My view is that property taxes fund the very things that make a particular neighborhood desirable, like good schools, roads, parks, and other local services. Your property's value is what it is because of these things, and you shouldn't be able to reap these benefits without paying taxes proportional to the value you've captured.




> My view is that property taxes fund the very things that make a particular neighborhood desirable, like good schools, roads, parks, and other local services.

In California, that's less true than it might otherwise be, given the prop 13 limits on both assessments and tax rates. Lots of those things are funded by sales tax revenue, income tax revenue (primarily state income tax funding local programs), development fees, and other revenue sources other than property tax.

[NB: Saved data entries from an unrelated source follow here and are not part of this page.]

lemma card_range_ge_gamma_bound:
  fixes f :: "'m::finite \<Rightarrow> 'n::finite" and c :: "'n \<Rightarrow> real"
  assumes c_nonneg: "\<And>j. 0 \<le> c j"
    and lo: "\<And>j. of_int \<lfloor>c j\<rfloor> \<le> real (card {x. f x = j})"
    and hi: "\<And>j. real (card {x. f x = j}) \<le> of_int \<lceil>c j\<rceil>"
  defines "S \<equiv> {j. \<lfloor>c j\<rfloor> \<noteq> 0}"
  shows "real (card S) + max 0 (real CARD('m) - real_of_int (\<Sum>j\<in>S. \<lceil>c j\<rceil>)) \<le> real (card (range f))"
proof -
  have "S \<subseteq> range f"
  proof
    fix j assume "j \<in> S"
    then have "0 \<le> \<lfloor>c j\<rfloor>" "\<lfloor>c j\<rfloor> \<noteq> 0" using c_nonneg[of j] by (simp_all add: S_def)
    then have "1 \<le> \<lfloor>c j\<rfloor>" by linarith
    then have "(1::real) \<le> of_int \<lfloor>c j\<rfloor>" by linarith
    then have "card {x. f x = j} \<noteq> 0" using lo[of j] by linarith
    then have "{x. f x = j} \<noteq> {}" by auto
    then show "j \<in> range f" by auto
  qed
  have "card {x. f x = j} \<le> 1" if "j \<notin> S" for j
  proof -
    have "c j < 1" using that by (simp add: S_def floor_eq_iff)
    then have "\<lceil>c j\<rceil> \<le> 1" by (simp add: ceiling_le_iff)
    then show ?thesis using hi[of j] by linarith
  qed
  then have out: "real (card {x. f x = j}) = (if j \<in> range f then 1 else 0)" if "j \<notin> S" for j
    using that by (fastforce simp: le_Suc_eq card_eq_0_iff)
  have "real CARD('m) = (\<Sum>j\<in>UNIV. real (card {x. f x = j}))"
    by (simp add: colsum_det_channel[symmetric] sum_colsum)
  also have "\<dots> = (\<Sum>j\<in>S. real (card {x. f x = j})) + (\<Sum>j\<in>UNIV - S. real (card {x. f x = j}))"
    by (simp add: sum.subset_diff[of S UNIV])
  also have "(\<Sum>j\<in>UNIV - S. real (card {x. f x = j})) = real (card (range f - S))"
    by (simp add: out sum.If_cases Diff_eq Int_commute)
  also have "(\<Sum>j\<in>S. real (card {x. f x = j})) \<le> real_of_int (\<Sum>j\<in>S. \<lceil>c j\<rceil>)"
    using hi by (simp add: sum_mono)
  finally have "real CARD('m) \<le> real_of_int (\<Sum>j\<in>S. \<lceil>c j\<rceil>) + real (card (range f - S))" by simp
  moreover have "card (range f) = card S + card (range f - S)"
    using \<open>S \<subseteq> range f\<close> by (simp add: card_Diff_subset card_mono)
  ultimately show ?thesis by simp
qed

lemma log2_le_minus_1: "1 \<le> r \<Longrightarrow> log 2 (real r) \<le> real r - 1"
proof (induction r rule: nat_induct_at_least)
  case (Suc r)
  have "log 2 (real (Suc r)) \<le> log 2 (2 * real r)"
    using Suc.hyps by simp
  also have "\<dots> = 1 + log 2 (real r)" using Suc.hyps by (simp add: log_mult)
  finally show ?case using Suc.IH by simp
qed simp

section \<open>Decomposition into maps rounding the column sums\<close>

lemma channel_entry_le_1:
  assumes "is_channel W" shows "W $ x $ y \<le> 1"
proof -
  have "W $ x $ y \<le> (\<Sum>y'\<in>UNIV. W $ x $ y')"
    using assms by (intro member_le_sum) (auto simp: is_channel_def)
  then show ?thesis using assms by (simp add: is_channel_def)
qed

lemma integral_channel_in_det_channels:
  assumes W: "is_channel W" and "\<forall>x y. W $ x $ y \<in> \<int>"
  shows "W \<in> det_channels"
proof -
  have "W $ x $ y = 0 \<or> W $ x $ y = 1" for x y
  proof -
    obtain k where k: "W $ x $ y = of_int k" using assms(2) Ints_cases by metis
    moreover have "0 \<le> W $ x $ y" "W $ x $ y \<le> 1"
      using W channel_entry_le_1 by (auto simp: is_channel_def)
    ultimately have "0 \<le> k" "k \<le> 1" by simp_all
    then have "k = 0 \<or> k = 1" by linarith
    then show ?thesis using k by auto
  qed
  then show ?thesis using W by (simp add: det_channels_def)
qed

lemma Lambda_nonneg: "lam \<in> Lambda W \<Longrightarrow> 0 \<le> lam D"
  by (simp add: Lambda_def)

They typically mostly fund schools, which long-time home owners generally aren't even using. One of the whole reasons to buy property is to have some long-term residential stability, which doesn't happen if property taxes can increase rapidly. If I'm holding onto my home, I've only captured value in a theoretical sense. I don't have any cash to pay for the increased property taxes until I sell.


> My view is that property taxes fund the very things that make a particular neighborhood desirable, like good schools, roads, parks, and other local services.

I think you're arguing that richer neighborhoods should have nicer schools, roads and parks. Granted, SF is an exception here, but that's precisely how things work elsewhere in California.

And if richer neighborhoods don't get that, California made annexations pretty easy, which is why you see those tiny municipalities in the vicinity of Los Angeles, San Diego, Anaheim, etc.


I'm arguing that richer neighborhoods DO have nicer schools, roads, and parks. Prop 13 says you may live in such valuable neighborhood while not paying taxes in proportion to that value, merely because you happened to buy a long time ago.


I an questioning how big of a problem that is empirically.

One can't really arbitrage that effectively.

Municipalities can't run consistent deficits, so the new schools, roads and parks will be built after a wave of newcomers buys properties, locking in higher prices and higher tax base.

In case there are no such newcomers (i.e. everybody is maximizing their Prop 13 benefit by not selling), the municipality just sticks to the last year's budget with a 2% increase permitted by Prop 13. But in that case new schools, parks and roads that make the neighborhood better don't appear either.


> I'm arguing that richer neighborhoods DO have nicer schools, roads, and parks.

That's a really good reason to stop funding those things through property taxes.